Bug 1872906: pkg/start: Release leader lease on graceful shutdown #446

wking · 2020-08-27T04:24:53Z

Picking #349 and #424 back to 4.5 so we release the leader lock when we exit, which in turn allows the incoming CVO pod to pick up the leader lock and update the ClusterVersion status in a timely manner.

A number of mostly-minor manual tweaks to adjust to 4.5, which is missing #358's TLS metrics and #406 and #410's Context changes.
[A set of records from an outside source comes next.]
(* Let $s\ge2$ be an even constant and $\epsilon$ a constant with $0<\epsilon<1/(2s-1)$. Let $I$ be an instance of the class $G^*_\epsilon$ with $n$ jobs, let $\mathcal{L}\subseteq\{0,1\}^n$ be the set of local optima of $I$, and for $x\in\{0,1\}^n$ let $h$ and $k$ be the numbers of large and small jobs, respectively, on the fuller machine of $x$. Then: (1) $|\{y\in\mathbb{R}:\exists x\in\{0,1\}^n \text{ with } f(x)=y\}|=O(n)$; (2) $|\{y\in\mathbb{R}:\exists x\in\mathcal{L} \text{ with } f(x)=y\}|=O(1)$; (3) for all $x\in\{0,1\}^n$ with $f(x)>1/2$, either $k=\Omega(n)$ and $x\notin\mathcal{L}$, or $\max(k,n-s-k)\ge\left(\frac12+a\right)(n-s)$ for some $a=\Omega(1)$.
   Context: Partition problem: a solution $x\in\{0,1\}^n$ assigns job $i$ to machine $M_1$ if $x_i=0$ and to $M_2$ if $x_i=1$; the makespan $f(x)=\max\{\sum_i p_ix_i,\sum_i p_i(1-x_i)\}$ is minimised. The fuller machine is the machine whose load attains the makespan. A local optimum is a solution such that no solution at Hamming distance $1$ has strictly smaller makespan. The class $G^*_\epsilon$: instances with an even number $n$ of jobs, an even number $s=\Theta(1)$ of large jobs (jobs $1,\dots,s$), and processing times $p_i=\frac{1}{2s-1}-\frac{\epsilon}{2s}$ for $i\le s$ and $p_i=\frac{s-1}{n-s}\left(\frac{1}{2s-1}+\frac{\epsilon}{2(s-1)}\right)$ for $s<i\le n$ (the small jobs), where $0<\epsilon<1/(2s-1)$ is an arbitrarily small constant; note $\sum_i p_i=1$. Asymptotics are as $n\to\infty$. *)

theory Defs
  imports Complex_Main "HOL-Library.FuncSet"
begin

text \<open>Processing times of the class G*_eps: jobs 1..s are large, s+1..n small.\<close>
definition ptime :: "nat \<Rightarrow> real \<Rightarrow> nat \<Rightarrow> nat \<Rightarrow> real" where
  "ptime s \<epsilon> n i =
     (if i \<le> s then 1 / (2 * real s - 1) - \<epsilon> / (2 * real s)
      else (real s - 1) / (real n - real s) *
           (1 / (2 * real s - 1) + \<epsilon> / (2 * (real s - 1))))"

definition sols :: "nat \<Rightarrow> (nat \<Rightarrow> nat) set" where
  "sols n = {1..n} \<rightarrow>\<^sub>E {0, 1}"

definition load1 :: "nat \<Rightarrow> real \<Rightarrow> nat \<Rightarrow> (nat \<Rightarrow> nat) \<Rightarrow> real" where
  "load1 s \<epsilon> n x = (\<Sum>i\<in>{1..n}. ptime s \<epsilon> n i * (1 - real (x i)))"

definition load2 :: "nat \<Rightarrow> real \<Rightarrow> nat \<Rightarrow> (nat \<Rightarrow> nat) \<Rightarrow> real" where
  "load2 s \<epsilon> n x = (\<Sum>i\<in>{1..n}. ptime s \<epsilon> n i * real (x i))"

definition makespan :: "nat \<Rightarrow> real \<Rightarrow> nat \<Rightarrow> (nat \<Rightarrow> nat) \<Rightarrow> real" where
  "makespan s \<epsilon> n x = max (load2 s \<epsilon> n x) (load1 s \<epsilon> n x)"

definition hamming :: "nat \<Rightarrow> (nat \<Rightarrow> nat) \<Rightarrow> (nat \<Rightarrow> nat) \<Rightarrow> nat" where
  "hamming n x y = card {i\<in>{1..n}. x i \<noteq> y i}"

definition local_optima :: "nat \<Rightarrow> real \<Rightarrow> nat \<Rightarrow> (nat \<Rightarrow> nat) set" where
  "local_optima s \<epsilon> n = {x \<in> sols n. \<forall>y\<in>sols n. hamming n x y = 1 \<longrightarrow>
        \<not> makespan s \<epsilon> n y < makespan s \<epsilon> n x}"

text \<open>The fuller machine, encoded by the value of x_i for the jobs on it
  (1 = M_2, 0 = M_1); ties broken towards M_1 (irrelevant when f(x) > 1/2).\<close>
definition fuller :: "nat \<Rightarrow> real \<Rightarrow> nat \<Rightarrow> (nat \<Rightarrow> nat) \<Rightarrow> nat" where
  "fuller s \<epsilon> n x = (if load2 s \<epsilon> n x > load1 s \<epsilon> n x then 1 else 0)"

definition hlarge :: "nat \<Rightarrow> real \<Rightarrow> nat \<Rightarrow> (nat \<Rightarrow> nat) \<Rightarrow> nat" where
  "hlarge s \<epsilon> n x = card {i\<in>{1..s}. x i = fuller s \<epsilon> n x}"

definition ksmall :: "nat \<Rightarrow> real \<Rightarrow> nat \<Rightarrow> (nat \<Rightarrow> nat) \<Rightarrow> nat" where
  "ksmall s \<epsilon> n x = card {i\<in>{s+1..n}. x i = fuller s \<epsilon> n x}"

end

theory Submission
  imports Defs
begin

text \<open>With \<open>h\<close> large and \<open>k\<close> small jobs on the fuller machine the makespan is
  \<open>h L + k S\<close>, where the small time \<open>S\<close> is of order \<open>1/n\<close>; as \<open>h \<le> s\<close> this leaves
  only \<open>O(n)\<close> possible values. Moving a small job off the fuller machine improves the
  makespan as long as it exceeds \<open>(1 + S)/2\<close>, so in a local optimum with \<open>k > 0\<close> the
  value \<open>k\<close> is determined by \<open>h\<close>, and there are only \<open>O(1)\<close> values. Finally, if the
  small jobs are split almost evenly, \<open>|k - (n - s)/2| < a (n - s)\<close>, then a makespan above
  \<open>1/2\<close> forces either an uneven split of the large jobs, costing at least \<open>L/2\<close>
  against \<open>a (n - s) S \<le> L/4\<close>, or, when \<open>h = s/2\<close>, at least one surplus small job
  (the parities of \<open>s\<close> and \<open>n\<close> match); either way the makespan exceeds \<open>(1 + S)/2\<close>.\<close>

lemma sols_values: "x \<in> sols n \<Longrightarrow> i \<in> {1..n} \<Longrightarrow> x i = 0 \<or> x i = 1"
  unfolding sols_def by auto

lemma flip_in_sols: "x \<in> sols n \<Longrightarrow> i \<in> {1..n} \<Longrightarrow> x(i := 1 - x i) \<in> sols n"
  unfolding sols_def by (auto simp: PiE_def Pi_def extensional_def)

lemma hamming_flip: "x \<in> sols n \<Longrightarrow> i \<in> {1..n} \<Longrightarrow> hamming n x (x(i := 1 - x i)) = 1"
proof -
  assume "x \<in> sols n" "i \<in> {1..n}"
  then have "x i \<noteq> 1 - x i"
    using sols_values by fastforce
  then have "{j \<in> {1..n}. x j \<noteq> (x(i := 1 - x i)) j} = {i}"
    using \<open>i \<in> {1..n}\<close> by auto
  then show ?thesis
    unfolding hamming_def by simp
qed

lemma load1_add_load2: "load1 s \<epsilon> n x + load2 s \<epsilon> n x = (\<Sum>i\<in>{1..n}. ptime s \<epsilon> n i)"
  unfolding load1_def load2_def by (simp add: sum.distrib[symmetric] algebra_simps)

lemma makespan_ge_half_total: "(\<Sum>i\<in>{1..n}. ptime s \<epsilon> n i) \<le> 2 * makespan s \<epsilon> n x"
  using load1_add_load2[of s \<epsilon> n x] unfolding makespan_def by linarith

lemma load2_flip:
  assumes "x \<in> sols n" and i: "i \<in> {1..n}"
  shows "load2 s \<epsilon> n (x(i := 1 - x i)) =
           load2 s \<epsilon> n x + (if x i = 0 then ptime s \<epsilon> n i else - ptime s \<epsilon> n i)"
proof -
  define rest where "rest = (\<Sum>j\<in>{1..n} - {i}. ptime s \<epsilon> n j * real (x j))"
  have "load2 s \<epsilon> n y = ptime s \<epsilon> n i * real (y i) + rest"
    if "\<forall>j\<in>{1..n} - {i}. y j = x j" for y
  proof -
    have "(\<Sum>j\<in>{1..n} - {i}. ptime s \<epsilon> n j * real (y j)) = rest"
      unfolding rest_def using that by (intro sum.cong) auto
    then show ?thesis
      unfolding load2_def sum.remove[OF finite_atLeastAtMost i] by simp
  qed
  then show ?thesis
    using sols_values[OF assms] by auto
qed

lemma makespan_flip_less:
  assumes x: "x \<in> sols n" and i: "i \<in> {1..n}" and fuller: "x i = fuller s \<epsilon> n x"
    and pos: "0 < ptime s \<epsilon> n i"
    and large: "(\<Sum>j\<in>{1..n}. ptime s \<epsilon> n j) + ptime s \<epsilon> n i < 2 * makespan s \<epsilon> n x"
  shows "makespan s \<epsilon> n (x(i := 1 - x i)) < makespan s \<epsilon> n x"
proof -
  let ?y = "x(i := 1 - x i)"
  have sum_x: "load1 s \<epsilon> n x + load2 s \<epsilon> n x = (\<Sum>j\<in>{1..n}. ptime s \<epsilon> n j)"
    and sum_y: "load1 s \<epsilon> n ?y + load2 s \<epsilon> n ?y = (\<Sum>j\<in>{1..n}. ptime s \<epsilon> n j)"
    by (rule load1_add_load2)+
  show ?thesis
  proof (cases "load1 s \<epsilon> n x < load2 s \<epsilon> n x")
    case True
    then have "x i = 1"
      using fuller unfolding fuller_def by simp
    moreover have "makespan s \<epsilon> n x = load2 s \<epsilon> n x"
      using True unfolding makespan_def by simp
    ultimately show ?thesis
      using load2_flip[OF x i] sum_x sum_y pos large
      unfolding makespan_def[of _ _ _ ?y] max_less_iff_conj by simp
  next
    case False
    then have "x i = 0"
      using fuller unfolding fuller_def by simp
    moreover have "makespan s \<epsilon> n x = load1 s \<epsilon> n x"
      using False unfolding makespan_def by simp
    ultimately show ?thesis
      using load2_flip[OF x i] sum_x sum_y pos large
      unfolding makespan_def[of _ _ _ ?y] max_less_iff_conj by simp
  qed
qed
We've had it since 2b81f47 (cvo: Release our leader lease when we are gracefully terminated, 2019-01-16, openshift#87), but it's redundant vs. "ListenAddr is not an empty string". I'm also switching to: o.ListenAddr != "" instead of: len(o.ListenAddr) > 0 because it seems slightly easier to understand, but obviously either will work. Cherry-picked from 07e5809 (openshift#349), around conflicts due to the lack of TLS metrics in 4.5.

Somewhat like the example in [1]. This pushes the server management down into a new RunMetrics method, which we then run in its own goroutine. This is initial groundwork; I expect we will port more of our child goroutines to this framework in follow-up work. Cherry-picked from b30aa0e (openshift#349), around conflicts due to the lack of TLS metrics in 4.5. [1]: https://golang.org/pkg/net/http/#Server.Shutdown

Pulling this up out of cvo.New() while working to decouple metrics handling from the core CVO goroutine.

These are not just for available updates, they're also for downloading signatures. Placing them in a separate file makes it easier to focus on the code that is specific to available updates.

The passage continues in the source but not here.